Work request -
Retype, without any change, the first line of the records and every line after it through the one containing "fix y assume".

Input data -
lemma segment_difference_quotient_tendsto:
  fixes d :: "'a::euclidean_space \<Rightarrow> real"
  assumes Q: "convex Q" and a: "a \<in> Q" and b: "b \<in> Q"
    and d_diff: "\<forall>y\<in>Q. (d has_derivative (\<lambda>h. dd y \<bullet> h)) (at y within Q)"
  shows "((\<lambda>t. (d (a + t *\<^sub>R (b - a)) - d a) / t) \<longlongrightarrow> dd a \<bullet> (b - a)) (at 0 within {0..1})"
proof -
  let ?g = "\<lambda>t::real. a + t *\<^sub>R (b - a)"
  have g: "(?g has_derivative (\<lambda>t. t *\<^sub>R (b - a))) (at 0 within {0..1})"
    by (auto intro!: derivative_eq_intros)
  have sub: "?g ` {0..1} \<subseteq> Q"
  proof
    fix y assume "y \<in> ?g ` {0..1}"
    then obtain t where t: "t \<in> {0..1}" "y = ?g t" by blast
    have "y = (1 - t) *\<^sub>R a + t *\<^sub>R b" using t by (simp add: algebra_simps)
    thus "y \<in> Q" using Q a b t unfolding convex_def by auto
  qed
  have dd: "(d has_derivative (\<lambda>h. dd a \<bullet> h)) (at (?g 0) within ?g ` {0..1})"
    using has_derivative_subset[OF d_diff[rule_format, OF a] sub] by simp
  have "((d \<circ> ?g) has_derivative ((\<lambda>h. dd a \<bullet> h) \<circ> (\<lambda>t. t *\<^sub>R (b - a)))) (at 0 within {0..1})"
    by (rule diff_chain_within[OF g dd])
  moreover have "((\<lambda>h. dd a \<bullet> h) \<circ> (\<lambda>t. t *\<^sub>R (b - a))) = (*) (dd a \<bullet> (b - a))"
    by (auto simp: fun_eq_iff)
  ultimately have "((d \<circ> ?g) has_field_derivative (dd a \<bullet> (b - a))) (at 0 within {0..1})"
    unfolding has_field_derivative_def by simp
  thus ?thesis unfolding has_field_derivative_iff by (simp add: o_def)
qed
(* Let $f:\mathcal{X}\to\mathbb{R}$, $\tau\in\mathbb{R}$, and let $\mathbf{x}=[x_1,\dots,x_p]$ be an input with $f(\mathbf{x})\ge\tau$ and $f(\mathbf{x}_{\varnothing})<\tau$. Let $S_1,\dots,S_K$ be the output of $\mathrm{SIScollection}(f,\mathbf{x},\tau)$. Then: (i) for every $k\in\{1,\dots,K\}$ and every $i\in S_k$, $f(\mathbf{x}_{S_k\setminus\{i\}})<\tau$; (ii) for every $k$, let $T_k\subseteq[p]$ be the set passed to $\mathrm{BackSelect}$ in the call that produced $S_k$, and let $T_k=U^{(k)}_{m}\supsetneq U^{(k)}_{m-1}\supsetneq\cdots\supsetneq U^{(k)}_0=\varnothing$ ($m=|T_k|$) be the successive values taken by the variable $S$ during that run of $\mathrm{BackSelect}$. Then $S_k$ is one of the sets $U^{(k)}_j$, it satisfies $f(\mathbf{x}_{S_k})\ge\tau$, and every $U^{(k)}_j$ with $f(\mathbf{x}_{U^{(k)}_j})\ge\tau$ satisfies $|U^{(k)}_j|\ge|S_k|$.
   Context: Each input $\mathbf{x}\in\mathcal{X}$ has indexable features $\mathbf{x}=[x_1,\dots,x_p]$ with $x_i\in\mathbb{R}^{d_i}$. A fixed mask value $z_i$ is given for each feature $i$ (e.g. the mean of feature $i$). For $S\subseteq[p]=\{1,\dots,p\}$, $\mathbf{x}_S$ denotes the input whose $i$-th feature equals $x_i$ if $i\in S$ and $z_i$ if $i\notin S$ (so $\mathbf{x}_{[p]}=\mathbf{x}$, $\mathbf{x}_\varnothing=\mathbf{z}$). Algorithms (argmax ties are broken by any fixed rule): BackSelect$(f,\mathbf{x},S)$: let $R$ be an empty stack; while $S\neq\varnothing$: let $i^*=\arg\max_{i\in S} f(\mathbf{x}_{S\setminus\{i\}})$, set $S\leftarrow S\setminus\{i^*\}$, push $i^*$ onto $R$; return $R$. FindSIS$(f,\mathbf{x},\tau,R)$: let $S=\varnothing$; while $f(\mathbf{x}_S)<\tau$: pop $i$ from the top of $R$ and set $S\leftarrow S\cup\{i\}$; if $f(\mathbf{x}_S)\ge\tau$ return $S$, else return None. SIScollection$(f,\mathbf{x},\tau)$: let $S=[p]$; for $k=1,2,\dots$: $R=\mathrm{BackSelect}(f,\mathbf{x},S)$; $S_k=\mathrm{FindSIS}(f,\mathbf{x},\tau,R)$; $S\leftarrow S\setminus S_k$; if $f(\mathbf{x}_S)<\tau$, return $S_1,\dots,S_k$. *)

theory Defs
  imports Complex_Main
begin

text \<open>Features are indexed by a finite type 'i (playing the role of [p]); feature values
  live in an arbitrary type 'v. An input is a map 'i => 'v; z is the fixed masked.\<close>

definition masked :: "('i \<Rightarrow> 'v) \<Rightarrow> ('i \<Rightarrow> 'v) \<Rightarrow> 'i set \<Rightarrow> ('i \<Rightarrow> 'v)" where
  "masked x z S = (\<lambda>i. if i \<in> S then x i else z i)"

definition argmax_set :: "(('i \<Rightarrow> 'v) \<Rightarrow> real) \<Rightarrow> ('i \<Rightarrow> 'v) \<Rightarrow> ('i \<Rightarrow> 'v) \<Rightarrow> 'i set \<Rightarrow> 'i set" where
  "argmax_set f x z S = {i \<in> S. \<forall>j\<in>S. f (masked x z (S - {j})) \<le> f (masked x z (S - {i}))}"

text \<open>BackSelect with a fixed tie-breaking rule tb (given the current S and the set of
  maximisers, it returns the chosen index). Returns the indices in removal order
  (fuel argument = number of iterations).\<close>
primrec backselect_aux ::
  "(('i \<Rightarrow> 'v) \<Rightarrow> real) \<Rightarrow> ('i \<Rightarrow> 'v) \<Rightarrow> ('i \<Rightarrow> 'v) \<Rightarrow> ('i set \<Rightarrow> 'i set \<Rightarrow> 'i)
    \<Rightarrow> nat \<Rightarrow> 'i set \<Rightarrow> 'i list" where
  "backselect_aux f x z tb 0 S = []"
| "backselect_aux f x z tb (Suc n) S =
     (if S = {} then []
      else (let i = tb S (argmax_set f x z S) in i # backselect_aux f x z tb n (S - {i})))"

definition backselect_removed where
  "backselect_removed f x z tb S = backselect_aux f x z tb (card S) S"

text \<open>The returned stack R, top of the stack first (last pushed = last removed).\<close>
definition BackSelect where
  "BackSelect f x z tb S = rev (backselect_removed f x z tb S)"

text \<open>Value of the variable S after t iterations of the while loop of BackSelect started at T.\<close>
definition backselect_state where
  "backselect_state f x z tb T t = T - set (take t (backselect_removed f x z tb T))"

primrec findsis_aux ::
  "(('i \<Rightarrow> 'v) \<Rightarrow> real) \<Rightarrow> ('i \<Rightarrow> 'v) \<Rightarrow> ('i \<Rightarrow> 'v) \<Rightarrow> real \<Rightarrow> 'i set \<Rightarrow> 'i list \<Rightarrow> 'i set option" where
  "findsis_aux f x z \<tau> S [] = (if f (masked x z S) \<ge> \<tau> then Some S else None)"
| "findsis_aux f x z \<tau> S (i # R) =
     (if f (masked x z S) \<ge> \<tau> then Some S else findsis_aux f x z \<tau> (insert i S) R)"

definition FindSIS where
  "FindSIS f x z \<tau> R = findsis_aux f x z \<tau> {} R"

text \<open>SIScollection, recording for each round k the pair (T_k, S_k), where T_k is the set
  passed to BackSelect and S_k the set returned by FindSIS (fuel = number of rounds).\<close>
primrec sis_aux ::
  "(('i \<Rightarrow> 'v) \<Rightarrow> real) \<Rightarrow> ('i \<Rightarrow> 'v) \<Rightarrow> ('i \<Rightarrow> 'v) \<Rightarrow> ('i set \<Rightarrow> 'i set \<Rightarrow> 'i) \<Rightarrow> real
    \<Rightarrow> nat \<Rightarrow> 'i set \<Rightarrow> ('i set \<times> 'i set) list" where
  "sis_aux f x z tb \<tau> 0 S = []"
| "sis_aux f x z tb \<tau> (Suc n) S =
     (case FindSIS f x z \<tau> (BackSelect f x z tb S) of
        None \<Rightarrow> []
      | Some Sk \<Rightarrow> (S, Sk) # (if f (masked x z (S - Sk)) < \<tau> then [] else sis_aux f x z tb \<tau> n (S - Sk)))"

definition SIS_trace :: "(('i::finite \<Rightarrow> 'v) \<Rightarrow> real) \<Rightarrow> ('i \<Rightarrow> 'v) \<Rightarrow> ('i \<Rightarrow> 'v)
    \<Rightarrow> ('i set \<Rightarrow> 'i set \<Rightarrow> 'i) \<Rightarrow> real \<Rightarrow> ('i set \<times> 'i set) list" where
  "SIS_trace f x z tb \<tau> = sis_aux f x z tb \<tau> (Suc (card (UNIV :: 'i set))) UNIV"

definition SIScollection where
  "SIScollection f x z tb \<tau> = map snd (SIS_trace f x z tb \<tau>)"

end

theory Submission
  imports Defs
begin

text \<open>The stack R returned by BackSelect lists T in reverse order of removal, so the
  successive values of S during BackSelect are exactly the prefixes of R, the j-th prefix
  having j elements. FindSIS returns the shortest prefix S_k with f(x_S_k) \<ge> \<tau>, which gives
  minimality. The top element a of S_k was removed greedily, i.e. removing it from S_k
  maximises f among all single removals; but S_k - {a} is the preceding, shorter prefix, so
  f is below \<tau> there, and hence after removing any element of S_k.\<close>

lemma argmax_set_nonempty:
  assumes "finite S" "S \<noteq> {}"
  shows "argmax_set f x z S \<noteq> {}"
proof -
  let ?g = "\<lambda>i. f (masked x z (S - {i}))"
  have "Max (?g ` S) \<in> ?g ` S"
    using assms by simp
  then obtain i where "i \<in> S" "?g i = Max (?g ` S)"
    by auto
  then have "i \<in> argmax_set f x z S"
    using assms unfolding argmax_set_def by simp
  then show ?thesis by blast
qed

lemma argmax_set_le:
  "a \<in> argmax_set f x z S \<Longrightarrow> i \<in> S \<Longrightarrow> f (masked x z (S - {i})) \<le> f (masked x z (S - {a}))"
  unfolding argmax_set_def by blast

lemma findsis_aux_eq_SomeD:
  "findsis_aux f x z \<tau> S R = Some S' \<Longrightarrow>
    \<exists>j \<le> length R. S' = S \<union> set (take j R) \<and> f (masked x z S') \<ge> \<tau>
      \<and> (\<forall>j'<j. f (masked x z (S \<union> set (take j' R))) < \<tau>)"
proof (induction R arbitrary: S)
  case Nil
  then show ?case by (auto split: if_splits)
next
  case (Cons i R)
  show ?case
  proof (cases "f (masked x z S) \<ge> \<tau>")
    case True
    then show ?thesis using Cons.prems by (intro exI[of _ 0]) auto
  next
    case False
    then have "findsis_aux f x z \<tau> (insert i S) R = Some S'"
      using Cons.prems by simp
    from Cons.IH[OF this] obtain j where j: "j \<le> length R" "S' = insert i S \<union> set (take j R)"
      "f (masked x z S') \<ge> \<tau>" "\<forall>j'<j. f (masked x z (insert i S \<union> set (take j' R))) < \<tau>"
      by blast
    show ?thesis
    proof (intro exI[of _ "Suc j"] conjI allI impI)
      show "Suc j \<le> length (i # R)" "S' = S \<union> set (take (Suc j) (i # R))"
        using j(1,2) by auto
      show "f (masked x z S') \<ge> \<tau>" using j(3) .
      fix j' assume "j' < Suc j"
      then show "f (masked x z (S \<union> set (take j' (i # R)))) < \<tau>"
        using j(4) False by (cases j') auto
    qed
  qed
qed

lemma FindSIS_eq_SomeD:
  "FindSIS f x z \<tau> R = Some S' \<Longrightarrow>
    \<exists>j \<le> length R. S' = set (take j R) \<and> f (masked x z S') \<ge> \<tau>
      \<and> (\<forall>j'<j. f (masked x z (set (take j' R))) < \<tau>)"
  unfolding FindSIS_def using findsis_aux_eq_SomeD[of f x z \<tau> "{}" R S'] by simp

context
  fixes tb :: "'i set \<Rightarrow> 'i set \<Rightarrow> 'i"
  assumes tb: "\<And>S A. A \<noteq> {} \<Longrightarrow> tb S A \<in> A"
begin

lemma backselect_aux_spec:
  assumes "finite S" "card S = n"
  shows "distinct (backselect_aux f x z tb n S) \<and> set (backselect_aux f x z tb n S) = S
    \<and> (\<forall>t<n. backselect_aux f x z tb n S ! t
              \<in> argmax_set f x z (S - set (take t (backselect_aux f x z tb n S))))"
  using assms
proof (induction n arbitrary: S)
  case 0
  then show ?case by simp
next
  case (Suc n)
  then have "S \<noteq> {}" by auto
  define i where "i = tb S (argmax_set f x z S)"
  define L where "L = backselect_aux f x z tb n (S - {i})"
  have i: "i \<in> argmax_set f x z S"
    unfolding i_def by (rule tb[OF argmax_set_nonempty[OF Suc.prems(1) \<open>S \<noteq> {}\<close>]])
  then have "i \<in> S" unfolding argmax_set_def by blast
  then have "finite (S - {i})" "card (S - {i}) = n"
    using Suc.prems by simp_all
  then have IH: "distinct L \<and> set L = S - {i}
      \<and> (\<forall>t<n. L ! t \<in> argmax_set f x z (S - {i} - set (take t L)))"
    unfolding L_def using Suc.IH by blast
  have unfold: "backselect_aux f x z tb (Suc n) S = i # L"
    using \<open>S \<noteq> {}\<close> by (simp add: i_def L_def Let_def)
  have "(i # L) ! t \<in> argmax_set f x z (S - set (take t (i # L)))" if "t < Suc n" for t
  proof (cases t)
    case (Suc t')
    then have "S - set (take t (i # L)) = S - {i} - set (take t' L)"
      by auto
    moreover have "L ! t' \<in> argmax_set f x z (S - {i} - set (take t' L))"
      using IH Suc that by simp
    ultimately show ?thesis
      using Suc by simp
  qed (use i in simp)
  moreover have "distinct (i # L)" "set (i # L) = S"
    using IH \<open>i \<in> S\<close> by auto
  ultimately show ?case
    unfolding unfold by blast
qed
(* Let $f\colon G\to G$ be a graph map with mapping torus $X$, and let $H$, $z$, $\widetilde P$ be as in the context. Let $\mathcal V_1,\dots,\mathcal V_m$ be the connected components of the union $\mathcal V$ of the vertical edges of $X$, and let $c_i\in H$ be the homology class of the unique embedded directed cycle in $\mathcal V_i$. Then $\det(I-z^{-1}\widetilde P)\doteq\prod_{i=1}^m(1-c_i)$.
   Context: $G$ is a finite connected graph; a graph map sends vertices to vertices and edges to nondegenerate edge paths. $X=G\times[0,1]/(x,1)\sim(f(x),0)$ is the mapping torus; its vertical edges are the arcs $\{v\}\times[0,1]$ for vertices $v$ of $G$, oriented from $v$ to $f(v)$; each component of their union consists of one directed cycle (a periodic orbit of $f$ on vertices) with trees attached. $H=H_1(X;\mathbb{Z})/\mathrm{torsion}$, $\widetilde X\to X$ is the universal free abelian cover with deck group $H$, $\widetilde G_0$ is a fixed component of the preimage of $G$ with stabilizer $K$, $\widetilde f\colon\widetilde G_0\to\widetilde G_0$ is a fixed lift of $f$, and $z\in H$ is the deck transformation such that for each $\widetilde x\in\widetilde G_0$ over $x$, $\widetilde f(\widetilde x)$ is the first point of $\widetilde G_0$ on the lift starting at $z\widetilde x$ of the arc $\{x\}\times[0,1]$. With a chosen lift of each vertex, $C_0(\widetilde G_0)\cong\mathbb{Z}[K]^V$ and $\widetilde P$ is the $\mathbb{Z}[K]$-matrix of $\widetilde f$ on $0$-chains. $\doteq$ means equality in $\mathbb{Z}[H]$ up to a unit $\pm h$, $h\in H$. *)

theory Defs
  imports "HOL-Analysis.Determinants" "HOL-Library.Poly_Mapping" "HOL-Library.Function_Algebras"
begin

section \<open>Finite graphs (vertex type 'v, all of UNIV; edge set Es) and edge paths\<close>

text \<open>An oriented edge is a pair (e, b): b = True traverses e from src e to tgt e,
  b = False traverses it backwards.\<close>

definition osrc :: "('e \<Rightarrow> 'v) \<Rightarrow> ('e \<Rightarrow> 'v) \<Rightarrow> 'e \<times> bool \<Rightarrow> 'v" where
  "osrc src tgt x = (if snd x then src (fst x) else tgt (fst x))"

definition otgt :: "('e \<Rightarrow> 'v) \<Rightarrow> ('e \<Rightarrow> 'v) \<Rightarrow> 'e \<times> bool \<Rightarrow> 'v" where
  "otgt src tgt x = (if snd x then tgt (fst x) else src (fst x))"

fun is_path :: "'e set \<Rightarrow> ('e \<Rightarrow> 'v) \<Rightarrow> ('e \<Rightarrow> 'v) \<Rightarrow> 'v \<Rightarrow> ('e \<times> bool) list \<Rightarrow> 'v \<Rightarrow> bool" where
  "is_path Es src tgt a [] b \<longleftrightarrow> a = b"
| "is_path Es src tgt a (x # xs) b \<longleftrightarrow>
     fst x \<in> Es \<and> osrc src tgt x = a \<and> is_path Es src tgt (otgt src tgt x) xs b"

definition graph_connected :: "'e set \<Rightarrow> ('e \<Rightarrow> 'v) \<Rightarrow> ('e \<Rightarrow> 'v) \<Rightarrow> bool" where
  "graph_connected Es src tgt \<longleftrightarrow> (\<forall>a b. \<exists>p. is_path Es src tgt a p b)"

definition graph_map :: "'e set \<Rightarrow> ('e \<Rightarrow> 'v) \<Rightarrow> ('e \<Rightarrow> 'v) \<Rightarrow> ('v \<Rightarrow> 'v)
    \<Rightarrow> ('e \<Rightarrow> ('e \<times> bool) list) \<Rightarrow> bool" where
  "graph_map Es src tgt fv fe \<longleftrightarrow>
     (\<forall>e\<in>Es. fe e \<noteq> [] \<and> is_path Es src tgt (fv (src e)) (fe e) (fv (tgt e)))"

text \<open>1-cells of X: horizontal edges Inl e (e in Es) and vertical edges Inr v
  (the arc v x [0,1], from v to fv v). 2-cells: one for each edge e in Es.
  Integral 1-chains are functions ('e + 'v) => int vanishing off the 1-cells.\<close>

type_synonym ('e, 'v) chain = "'e + 'v \<Rightarrow> int"

definition chain_ok :: "'e set \<Rightarrow> ('e, 'v) chain \<Rightarrow> bool" where
  "chain_ok Es c \<longleftrightarrow> (\<forall>e. e \<notin> Es \<longrightarrow> c (Inl e) = 0)"

definition ochain :: "'e \<times> bool \<Rightarrow> ('e, 'v) chain" where
  "ochain x = (\<lambda>y. if y = Inl (fst x) then (if snd x then 1 else -1) else 0)"

definition pchain :: "('e \<times> bool) list \<Rightarrow> ('e, 'v) chain" where
  "pchain p = sum_list (map ochain p)"

definition vchain :: "'v \<Rightarrow> ('e, 'v) chain" where
  "vchain v = (\<lambda>y. if y = Inr v then 1 else 0)"

definition bd1 :: "'e set \<Rightarrow> ('e \<Rightarrow> 'v) \<Rightarrow> ('e \<Rightarrow> 'v) \<Rightarrow> ('v::finite \<Rightarrow> 'v)
    \<Rightarrow> ('e, 'v) chain \<Rightarrow> 'v \<Rightarrow> int" where
  "bd1 Es src tgt fv c w =
     (\<Sum>e\<in>Es. c (Inl e) * (of_bool (tgt e = w) - of_bool (src e = w)))
   + (\<Sum>v\<in>UNIV. c (Inr v) * (of_bool (fv v = w) - of_bool (v = w)))"

definition cycles1 :: "'e set \<Rightarrow> ('e \<Rightarrow> 'v) \<Rightarrow> ('e \<Rightarrow> 'v) \<Rightarrow> ('v::finite \<Rightarrow> 'v)
    \<Rightarrow> ('e, 'v) chain set" where
  "cycles1 Es src tgt fv = {c. chain_ok Es c \<and> bd1 Es src tgt fv c = (\<lambda>_. 0)}"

Solution for this problem -
lemma segment_difference_quotient_tendsto:
  fixes d :: "'a::euclidean_space \<Rightarrow> real"
  assumes Q: "convex Q" and a: "a \<in> Q" and b: "b \<in> Q"
    and d_diff: "\<forall>y\<in>Q. (d has_derivative (\<lambda>h. dd y \<bullet> h)) (at y within Q)"
  shows "((\<lambda>t. (d (a + t *\<^sub>R (b - a)) - d a) / t) \<longlongrightarrow> dd a \<bullet> (b - a)) (at 0 within {0..1})"
proof -
  let ?g = "\<lambda>t::real. a + t *\<^sub>R (b - a)"
  have g: "(?g has_derivative (\<lambda>t. t *\<^sub>R (b - a))) (at 0 within {0..1})"
    by (auto intro!: derivative_eq_intros)
  have sub: "?g ` {0..1} \<subseteq> Q"
  proof
    fix y assume "y \<in> ?g ` {0..1}"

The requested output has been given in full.